Baumann Fusun, Rose Stephen E, Nicholson Garth A, Hutchinson Nicole, Pannek Kerstin, Pettitt Anthony, Mccombe Pamela A, Henderson Robert D
Department of Neurology, Royal Brisbane and Women's Hospital, Queensland, Australia.
Amyotroph Lateral Scler. 2010 Oct;11(5):486-9. doi: 10.3109/17482961003774428.

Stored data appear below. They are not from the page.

(* Let $X$ be a topological vector space, $Z$ a locally convex topological vector space, $C\subseteq Z$ a nonempty closed convex cone with $C^-\neq\{0\}$, $x_0\in X$, and $f:X\to\mathcal{F}(Z,C)$ convex-valued. Assume there is a set $B\subseteq Z^*$ with $\{tz^*\colon t\ge0,\ z^*\in B\}=C^-$ such that \[ \forall z\in Z:\ \sup_{z^*\in B}z^*(z)<\infty\qquad\text{and}\qquad\forall V\in\mathcal{V}(0):\ \inf_{z^*\in B}\sup_{z\in V}[-z^*(z)]>0, \] and such that the scalarizations are lower semicontinuous at $x_0$ uniformly with respect to $B$, i.e. for every $\varepsilon>0$ there is a neighborhood $U$ of $x_0$ with $\varphi_{(f,z^* )}(x)>\varphi_{(f,z^* )}(x_0)-\varepsilon$ for all $x\in U$ and all $z^*\in B$. Then $f$ is Hausdorff upper continuous at $x_0$.
   Context: $\mathcal{F}(Z,C)=\{A\subseteq Z\colon A=\operatorname{cl}(A+C)\}$ (empty set included); $C^-=\{z^*\in Z^*\colon z^*(z)\le0\ \forall z\in C\}$; $\mathcal{V}(0)$ is the system of neighborhoods of $0$ in $Z$. $\varphi_{(f,z^* )}(x)=\inf_{z\in f(x)}(-z^*(z))$, with $\inf\emptyset=+\infty$. $f$ is Hausdorff upper continuous at $x_0$ iff for every neighborhood $V$ of $0$ in $Z$ there is a neighborhood $U$ of $x_0$ with $f(x)\subseteq f(x_0)+V$ for all $x\in U$. *)

theory Defs
  imports "HOL-Analysis.Analysis"
begin

text \<open>Real topological vector spaces: addition and scalar multiplication jointly continuous (stated via the product-topology neighbourhood base).\<close>
class topological_real_vector = real_vector + topological_space +
  assumes continuous_add_tvs: "\<And>x y W. open W \<Longrightarrow> x + y \<in> W \<Longrightarrow>
      \<exists>U V. open U \<and> open V \<and> x \<in> U \<and> y \<in> V \<and> (\<forall>u\<in>U. \<forall>v\<in>V. u + v \<in> W)"
  assumes continuous_scaleR_tvs: "\<And>(c::real) x W. open W \<Longrightarrow> c *\<^sub>R x \<in> W \<Longrightarrow>
      \<exists>e>0. \<exists>V. open V \<and> x \<in> V \<and> (\<forall>d. \<bar>d - c\<bar> < e \<longrightarrow> (\<forall>v\<in>V. d *\<^sub>R v \<in> W))"

text \<open>Locally convex: every neighbourhood of 0 contains a convex open neighbourhood of 0
  (convexity written out as in the definition of convex, since class specs cannot use the sort-constrained constant).\<close>
class locally_convex_tvs = topological_real_vector +
  assumes locally_convex: "\<And>U::'a set. open U \<Longrightarrow> 0 \<in> U \<Longrightarrow> \<exists>V. open V \<and> 0 \<in> V \<and> V \<subseteq> U \<and>
      (\<forall>x\<in>V. \<forall>y\<in>V. \<forall>u\<ge>0. \<forall>v\<ge>0. u + v = 1 \<longrightarrow> u *\<^sub>R x + v *\<^sub>R y \<in> V)"

definition is_nbhd :: "'a::topological_space set \<Rightarrow> 'a \<Rightarrow> bool" where
  "is_nbhd S x \<longleftrightarrow> (\<exists>W. open W \<and> x \<in> W \<and> W \<subseteq> S)"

ALS is a fatal disease with variable clinical course. There is no single reliable marker of disease progression. Sufficient records were available to study the case history of four family members with the uncommon G93V SOD1 mutation. Distal lower motor neuron (LMN) involvement occurred in all family members with onset from 30 to 51 years of age, with progression over more than six years. Between 2002 and 2009, we used electrophysiology as a biomarker to study disease progression in one patient, assessing the number of motor units in three nerves from different limbs. The loss of motor units showed an exponential decline with different half-lives in different nerves. Diffusion tractography was compared with a control to assess upper motor neuron (UMN) involvement and showed asymmetric evidence of abnormalities of the corticospinal tracts, providing evidence of central involvement despite the absence of UMN signs.
肌萎缩侧索硬化症(ALS)是一种临床病程多变的致命疾病。目前尚无单一可靠的疾病进展标志物。有足够的记录可用于研究四名携带罕见G93V超氧化物歧化酶1(SOD1)突变的家庭成员的病史。所有家庭成员均出现远端下运动神经元(LMN)受累,发病年龄在30至51岁之间,病程超过六年。2002年至2009年期间,我们将电生理作为生物标志物,对一名患者的疾病进展进行研究,评估来自不同肢体的三条神经中的运动单位数量。运动单位的丢失呈指数下降,不同神经的半衰期不同。将弥散张量成像与对照组进行比较,以评估上运动神经元(UMN)受累情况,结果显示皮质脊髓束存在不对称的异常证据,尽管没有UMN体征,但仍提供了中枢受累的证据。